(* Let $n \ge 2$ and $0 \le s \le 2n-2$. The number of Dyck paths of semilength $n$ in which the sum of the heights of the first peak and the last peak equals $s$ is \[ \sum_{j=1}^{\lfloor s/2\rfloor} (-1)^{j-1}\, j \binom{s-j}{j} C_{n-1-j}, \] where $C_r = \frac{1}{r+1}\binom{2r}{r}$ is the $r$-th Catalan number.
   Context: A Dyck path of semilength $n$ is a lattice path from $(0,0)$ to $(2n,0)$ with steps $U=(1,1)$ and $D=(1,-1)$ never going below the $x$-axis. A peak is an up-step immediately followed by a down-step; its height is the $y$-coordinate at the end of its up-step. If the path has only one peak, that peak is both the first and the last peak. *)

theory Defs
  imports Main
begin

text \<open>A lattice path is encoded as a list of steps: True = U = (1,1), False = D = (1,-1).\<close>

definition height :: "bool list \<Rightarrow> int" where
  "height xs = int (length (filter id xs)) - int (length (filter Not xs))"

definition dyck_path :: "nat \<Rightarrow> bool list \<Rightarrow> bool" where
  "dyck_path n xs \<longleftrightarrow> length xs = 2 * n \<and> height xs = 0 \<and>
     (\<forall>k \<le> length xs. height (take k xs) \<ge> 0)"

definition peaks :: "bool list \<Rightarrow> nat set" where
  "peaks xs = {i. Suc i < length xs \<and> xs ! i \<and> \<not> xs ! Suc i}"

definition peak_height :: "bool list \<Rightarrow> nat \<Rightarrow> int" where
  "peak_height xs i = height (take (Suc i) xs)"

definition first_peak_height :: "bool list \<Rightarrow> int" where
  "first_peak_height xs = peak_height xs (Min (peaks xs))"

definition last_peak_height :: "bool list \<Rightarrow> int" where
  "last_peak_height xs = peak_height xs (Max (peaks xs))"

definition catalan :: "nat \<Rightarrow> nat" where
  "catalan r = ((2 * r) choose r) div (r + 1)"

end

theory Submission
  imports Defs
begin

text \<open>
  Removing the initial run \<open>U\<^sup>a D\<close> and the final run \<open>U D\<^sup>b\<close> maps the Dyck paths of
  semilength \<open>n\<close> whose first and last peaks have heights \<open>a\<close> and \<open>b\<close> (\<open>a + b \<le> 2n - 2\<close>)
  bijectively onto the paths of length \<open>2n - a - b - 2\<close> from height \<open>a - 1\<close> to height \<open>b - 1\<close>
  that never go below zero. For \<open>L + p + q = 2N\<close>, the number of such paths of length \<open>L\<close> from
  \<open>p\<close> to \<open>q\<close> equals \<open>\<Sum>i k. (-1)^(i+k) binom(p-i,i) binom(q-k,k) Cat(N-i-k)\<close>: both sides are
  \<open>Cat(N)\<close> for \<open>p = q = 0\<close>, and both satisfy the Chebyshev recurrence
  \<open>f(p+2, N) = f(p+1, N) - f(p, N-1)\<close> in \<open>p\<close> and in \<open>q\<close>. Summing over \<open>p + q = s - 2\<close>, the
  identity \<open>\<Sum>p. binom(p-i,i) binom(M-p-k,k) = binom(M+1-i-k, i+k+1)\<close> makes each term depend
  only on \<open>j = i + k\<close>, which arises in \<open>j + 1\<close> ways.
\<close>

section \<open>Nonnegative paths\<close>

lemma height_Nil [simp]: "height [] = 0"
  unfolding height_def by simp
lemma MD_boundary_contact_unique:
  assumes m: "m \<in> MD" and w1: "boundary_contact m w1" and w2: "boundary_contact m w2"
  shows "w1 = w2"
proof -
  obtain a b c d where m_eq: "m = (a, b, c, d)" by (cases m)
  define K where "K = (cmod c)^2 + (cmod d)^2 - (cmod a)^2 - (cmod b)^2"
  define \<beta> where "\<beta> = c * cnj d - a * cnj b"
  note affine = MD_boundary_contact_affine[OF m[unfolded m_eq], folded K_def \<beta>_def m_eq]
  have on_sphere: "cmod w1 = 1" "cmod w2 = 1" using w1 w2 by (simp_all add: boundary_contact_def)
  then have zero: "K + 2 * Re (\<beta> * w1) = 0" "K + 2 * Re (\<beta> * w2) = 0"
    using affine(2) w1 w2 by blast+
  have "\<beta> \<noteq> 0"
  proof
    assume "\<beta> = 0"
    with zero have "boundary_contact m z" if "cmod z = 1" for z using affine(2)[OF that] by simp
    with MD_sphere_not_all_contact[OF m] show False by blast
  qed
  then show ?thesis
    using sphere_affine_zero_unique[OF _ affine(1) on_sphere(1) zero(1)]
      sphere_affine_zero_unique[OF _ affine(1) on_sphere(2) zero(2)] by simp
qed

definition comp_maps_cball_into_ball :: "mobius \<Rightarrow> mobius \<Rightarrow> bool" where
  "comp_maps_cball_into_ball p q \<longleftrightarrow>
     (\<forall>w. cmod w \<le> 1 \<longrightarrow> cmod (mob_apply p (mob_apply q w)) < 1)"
--
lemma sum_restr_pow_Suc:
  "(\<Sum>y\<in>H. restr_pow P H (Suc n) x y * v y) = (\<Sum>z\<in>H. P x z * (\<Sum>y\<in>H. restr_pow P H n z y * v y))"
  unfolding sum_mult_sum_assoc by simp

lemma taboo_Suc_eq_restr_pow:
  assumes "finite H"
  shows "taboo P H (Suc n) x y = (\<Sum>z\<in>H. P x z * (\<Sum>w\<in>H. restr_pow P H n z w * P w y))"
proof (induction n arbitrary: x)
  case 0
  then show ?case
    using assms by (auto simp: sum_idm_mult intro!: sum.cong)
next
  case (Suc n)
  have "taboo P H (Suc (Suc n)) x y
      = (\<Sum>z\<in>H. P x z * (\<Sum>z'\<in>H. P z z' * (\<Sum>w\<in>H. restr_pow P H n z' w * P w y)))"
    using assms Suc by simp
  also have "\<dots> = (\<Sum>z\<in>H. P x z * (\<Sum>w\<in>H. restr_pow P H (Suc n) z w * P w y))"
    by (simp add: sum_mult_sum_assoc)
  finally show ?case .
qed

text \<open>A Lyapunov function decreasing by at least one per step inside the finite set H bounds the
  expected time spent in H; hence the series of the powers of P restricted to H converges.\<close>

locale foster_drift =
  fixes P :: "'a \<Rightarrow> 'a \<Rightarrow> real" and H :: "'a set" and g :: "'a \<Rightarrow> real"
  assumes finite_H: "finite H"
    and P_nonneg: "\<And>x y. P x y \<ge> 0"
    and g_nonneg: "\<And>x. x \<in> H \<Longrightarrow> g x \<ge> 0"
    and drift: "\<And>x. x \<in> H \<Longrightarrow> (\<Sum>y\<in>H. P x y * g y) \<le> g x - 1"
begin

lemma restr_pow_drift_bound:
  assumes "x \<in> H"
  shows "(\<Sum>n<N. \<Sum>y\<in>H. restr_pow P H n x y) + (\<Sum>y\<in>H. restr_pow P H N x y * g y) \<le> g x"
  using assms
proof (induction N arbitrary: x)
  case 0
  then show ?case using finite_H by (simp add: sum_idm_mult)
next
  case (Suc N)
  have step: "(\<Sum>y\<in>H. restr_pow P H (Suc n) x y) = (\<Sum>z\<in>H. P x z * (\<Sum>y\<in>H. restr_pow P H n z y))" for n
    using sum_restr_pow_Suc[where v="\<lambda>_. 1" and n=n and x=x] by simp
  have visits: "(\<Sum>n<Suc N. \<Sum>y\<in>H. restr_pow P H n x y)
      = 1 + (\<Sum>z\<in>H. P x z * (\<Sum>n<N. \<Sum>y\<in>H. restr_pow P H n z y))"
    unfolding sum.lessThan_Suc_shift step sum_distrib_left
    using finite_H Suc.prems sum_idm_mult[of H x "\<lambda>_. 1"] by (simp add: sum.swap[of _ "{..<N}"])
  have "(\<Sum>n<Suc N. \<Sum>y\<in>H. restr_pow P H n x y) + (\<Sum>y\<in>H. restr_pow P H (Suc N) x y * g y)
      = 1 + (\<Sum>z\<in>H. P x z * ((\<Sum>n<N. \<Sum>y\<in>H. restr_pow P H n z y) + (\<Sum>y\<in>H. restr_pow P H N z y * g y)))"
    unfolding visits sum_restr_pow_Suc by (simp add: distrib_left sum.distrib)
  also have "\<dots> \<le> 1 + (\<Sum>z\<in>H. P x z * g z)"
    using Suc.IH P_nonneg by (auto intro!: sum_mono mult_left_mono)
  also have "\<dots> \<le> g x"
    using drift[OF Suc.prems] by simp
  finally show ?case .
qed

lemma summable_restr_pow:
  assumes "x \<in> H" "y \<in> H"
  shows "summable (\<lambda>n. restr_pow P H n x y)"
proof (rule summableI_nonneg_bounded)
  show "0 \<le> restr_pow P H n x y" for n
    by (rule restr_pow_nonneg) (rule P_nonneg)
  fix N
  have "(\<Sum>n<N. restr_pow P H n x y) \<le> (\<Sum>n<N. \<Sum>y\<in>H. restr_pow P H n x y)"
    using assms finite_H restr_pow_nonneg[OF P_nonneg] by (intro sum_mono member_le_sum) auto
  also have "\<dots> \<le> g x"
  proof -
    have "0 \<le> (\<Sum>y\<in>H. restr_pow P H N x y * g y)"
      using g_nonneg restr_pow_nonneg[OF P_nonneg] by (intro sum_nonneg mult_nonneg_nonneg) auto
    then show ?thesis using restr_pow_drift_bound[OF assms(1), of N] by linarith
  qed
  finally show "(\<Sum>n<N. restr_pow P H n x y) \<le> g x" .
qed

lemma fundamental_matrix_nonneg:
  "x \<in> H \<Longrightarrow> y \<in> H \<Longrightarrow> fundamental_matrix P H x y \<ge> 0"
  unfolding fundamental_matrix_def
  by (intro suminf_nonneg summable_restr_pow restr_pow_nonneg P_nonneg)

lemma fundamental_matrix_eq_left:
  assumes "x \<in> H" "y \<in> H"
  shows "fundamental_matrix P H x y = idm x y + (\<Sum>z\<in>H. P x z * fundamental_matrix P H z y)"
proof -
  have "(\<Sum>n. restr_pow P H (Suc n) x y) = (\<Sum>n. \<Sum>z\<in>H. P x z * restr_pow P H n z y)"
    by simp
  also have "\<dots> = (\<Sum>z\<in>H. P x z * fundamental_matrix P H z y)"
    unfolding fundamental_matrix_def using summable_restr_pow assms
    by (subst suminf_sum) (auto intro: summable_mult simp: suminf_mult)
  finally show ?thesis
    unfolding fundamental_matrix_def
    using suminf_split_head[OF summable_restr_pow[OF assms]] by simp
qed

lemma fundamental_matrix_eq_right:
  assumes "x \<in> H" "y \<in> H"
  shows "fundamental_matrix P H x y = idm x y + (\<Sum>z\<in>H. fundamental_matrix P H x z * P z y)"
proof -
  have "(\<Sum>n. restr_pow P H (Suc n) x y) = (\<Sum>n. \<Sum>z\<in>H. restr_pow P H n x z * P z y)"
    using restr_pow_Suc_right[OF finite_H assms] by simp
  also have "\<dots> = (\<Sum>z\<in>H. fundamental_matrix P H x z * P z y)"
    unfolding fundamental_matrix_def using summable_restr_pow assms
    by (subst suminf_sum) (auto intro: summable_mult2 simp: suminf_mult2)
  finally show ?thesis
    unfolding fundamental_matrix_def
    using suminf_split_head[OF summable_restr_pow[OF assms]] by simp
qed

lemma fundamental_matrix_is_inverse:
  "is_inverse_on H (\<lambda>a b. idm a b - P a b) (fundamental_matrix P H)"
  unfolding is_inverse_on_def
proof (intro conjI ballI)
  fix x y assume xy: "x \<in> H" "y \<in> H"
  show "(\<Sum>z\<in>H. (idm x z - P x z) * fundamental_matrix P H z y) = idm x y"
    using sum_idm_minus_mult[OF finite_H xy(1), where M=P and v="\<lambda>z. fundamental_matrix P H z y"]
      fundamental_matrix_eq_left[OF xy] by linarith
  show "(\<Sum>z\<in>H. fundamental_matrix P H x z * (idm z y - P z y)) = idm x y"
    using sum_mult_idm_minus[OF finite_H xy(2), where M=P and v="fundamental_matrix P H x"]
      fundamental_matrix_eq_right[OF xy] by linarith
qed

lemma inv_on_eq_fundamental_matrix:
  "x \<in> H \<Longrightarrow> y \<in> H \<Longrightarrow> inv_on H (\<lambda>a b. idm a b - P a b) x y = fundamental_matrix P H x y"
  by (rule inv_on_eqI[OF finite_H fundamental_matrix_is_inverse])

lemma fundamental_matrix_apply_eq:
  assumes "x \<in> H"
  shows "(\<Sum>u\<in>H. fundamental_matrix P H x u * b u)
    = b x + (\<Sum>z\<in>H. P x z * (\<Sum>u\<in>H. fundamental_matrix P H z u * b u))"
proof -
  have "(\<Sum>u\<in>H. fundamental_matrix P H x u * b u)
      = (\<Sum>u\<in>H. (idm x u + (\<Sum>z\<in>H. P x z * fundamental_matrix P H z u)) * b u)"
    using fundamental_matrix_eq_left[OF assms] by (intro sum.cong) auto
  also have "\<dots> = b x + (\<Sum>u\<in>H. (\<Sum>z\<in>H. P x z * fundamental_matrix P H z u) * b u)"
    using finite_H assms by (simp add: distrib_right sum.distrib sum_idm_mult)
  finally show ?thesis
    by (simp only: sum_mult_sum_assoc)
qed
---
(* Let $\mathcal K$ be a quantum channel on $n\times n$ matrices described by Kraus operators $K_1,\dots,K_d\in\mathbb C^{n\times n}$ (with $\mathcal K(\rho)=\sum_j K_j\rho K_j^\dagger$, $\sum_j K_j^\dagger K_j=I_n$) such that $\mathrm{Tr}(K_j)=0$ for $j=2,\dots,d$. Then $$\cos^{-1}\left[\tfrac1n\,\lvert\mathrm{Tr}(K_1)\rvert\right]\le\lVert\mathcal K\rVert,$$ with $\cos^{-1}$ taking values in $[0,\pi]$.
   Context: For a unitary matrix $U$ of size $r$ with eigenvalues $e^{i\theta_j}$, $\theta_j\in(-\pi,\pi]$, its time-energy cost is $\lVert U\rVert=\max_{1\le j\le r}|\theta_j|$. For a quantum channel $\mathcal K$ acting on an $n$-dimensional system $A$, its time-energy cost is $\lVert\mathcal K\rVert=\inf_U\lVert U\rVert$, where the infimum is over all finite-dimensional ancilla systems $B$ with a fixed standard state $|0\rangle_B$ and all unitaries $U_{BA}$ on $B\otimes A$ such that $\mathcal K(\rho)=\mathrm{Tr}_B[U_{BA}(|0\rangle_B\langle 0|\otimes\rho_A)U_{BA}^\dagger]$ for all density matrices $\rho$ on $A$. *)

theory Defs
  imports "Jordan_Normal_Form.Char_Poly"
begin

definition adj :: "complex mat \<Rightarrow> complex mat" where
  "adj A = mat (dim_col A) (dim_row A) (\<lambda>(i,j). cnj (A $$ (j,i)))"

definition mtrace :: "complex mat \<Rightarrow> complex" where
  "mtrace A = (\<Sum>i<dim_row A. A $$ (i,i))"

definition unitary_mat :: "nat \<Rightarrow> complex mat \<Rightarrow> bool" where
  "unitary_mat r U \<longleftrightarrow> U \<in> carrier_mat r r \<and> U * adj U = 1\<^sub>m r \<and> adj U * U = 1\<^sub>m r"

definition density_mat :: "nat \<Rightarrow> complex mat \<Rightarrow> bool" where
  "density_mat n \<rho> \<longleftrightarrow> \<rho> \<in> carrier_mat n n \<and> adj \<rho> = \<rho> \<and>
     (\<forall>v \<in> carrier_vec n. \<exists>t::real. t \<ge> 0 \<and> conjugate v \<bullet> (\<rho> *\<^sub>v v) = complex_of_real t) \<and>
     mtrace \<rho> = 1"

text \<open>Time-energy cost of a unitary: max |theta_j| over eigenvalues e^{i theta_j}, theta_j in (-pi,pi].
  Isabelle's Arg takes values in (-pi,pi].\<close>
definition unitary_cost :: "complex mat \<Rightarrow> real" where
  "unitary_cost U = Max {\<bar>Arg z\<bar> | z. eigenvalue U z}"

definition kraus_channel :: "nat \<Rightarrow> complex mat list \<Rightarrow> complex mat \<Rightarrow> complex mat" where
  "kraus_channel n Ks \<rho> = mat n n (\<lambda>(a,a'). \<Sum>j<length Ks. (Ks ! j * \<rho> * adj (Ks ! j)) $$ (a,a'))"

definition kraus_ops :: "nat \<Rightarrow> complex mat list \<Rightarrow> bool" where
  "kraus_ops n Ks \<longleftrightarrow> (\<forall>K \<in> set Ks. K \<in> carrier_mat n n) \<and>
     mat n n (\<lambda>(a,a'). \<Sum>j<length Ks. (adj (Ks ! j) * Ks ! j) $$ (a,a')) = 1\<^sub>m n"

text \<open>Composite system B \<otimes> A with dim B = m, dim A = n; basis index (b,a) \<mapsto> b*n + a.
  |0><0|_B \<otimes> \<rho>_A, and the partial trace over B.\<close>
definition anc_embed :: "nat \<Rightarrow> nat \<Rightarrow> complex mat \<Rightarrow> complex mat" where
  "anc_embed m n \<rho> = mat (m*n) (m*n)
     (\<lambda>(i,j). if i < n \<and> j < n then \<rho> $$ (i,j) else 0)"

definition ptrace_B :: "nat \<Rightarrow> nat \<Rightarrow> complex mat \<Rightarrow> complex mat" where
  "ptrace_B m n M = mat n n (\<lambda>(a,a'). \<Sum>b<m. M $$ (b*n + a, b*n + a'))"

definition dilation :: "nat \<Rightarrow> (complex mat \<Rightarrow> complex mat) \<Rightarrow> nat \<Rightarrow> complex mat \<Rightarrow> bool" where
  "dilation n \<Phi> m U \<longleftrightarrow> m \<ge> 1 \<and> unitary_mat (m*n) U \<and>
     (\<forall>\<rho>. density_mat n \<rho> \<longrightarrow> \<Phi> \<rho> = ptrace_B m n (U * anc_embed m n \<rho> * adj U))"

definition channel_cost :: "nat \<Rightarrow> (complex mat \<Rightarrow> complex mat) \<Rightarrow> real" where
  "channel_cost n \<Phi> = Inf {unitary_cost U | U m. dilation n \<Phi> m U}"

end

Exercise aim ▸ Nothing but the lines holding the word "rule" should be returned from the listing above.

Result ▸
proof (rule summableI_nonneg_bounded)
    by (rule restr_pow_nonneg) (rule P_nonneg)
  by (rule inv_on_eqI[OF finite_H fundamental_matrix_is_inverse])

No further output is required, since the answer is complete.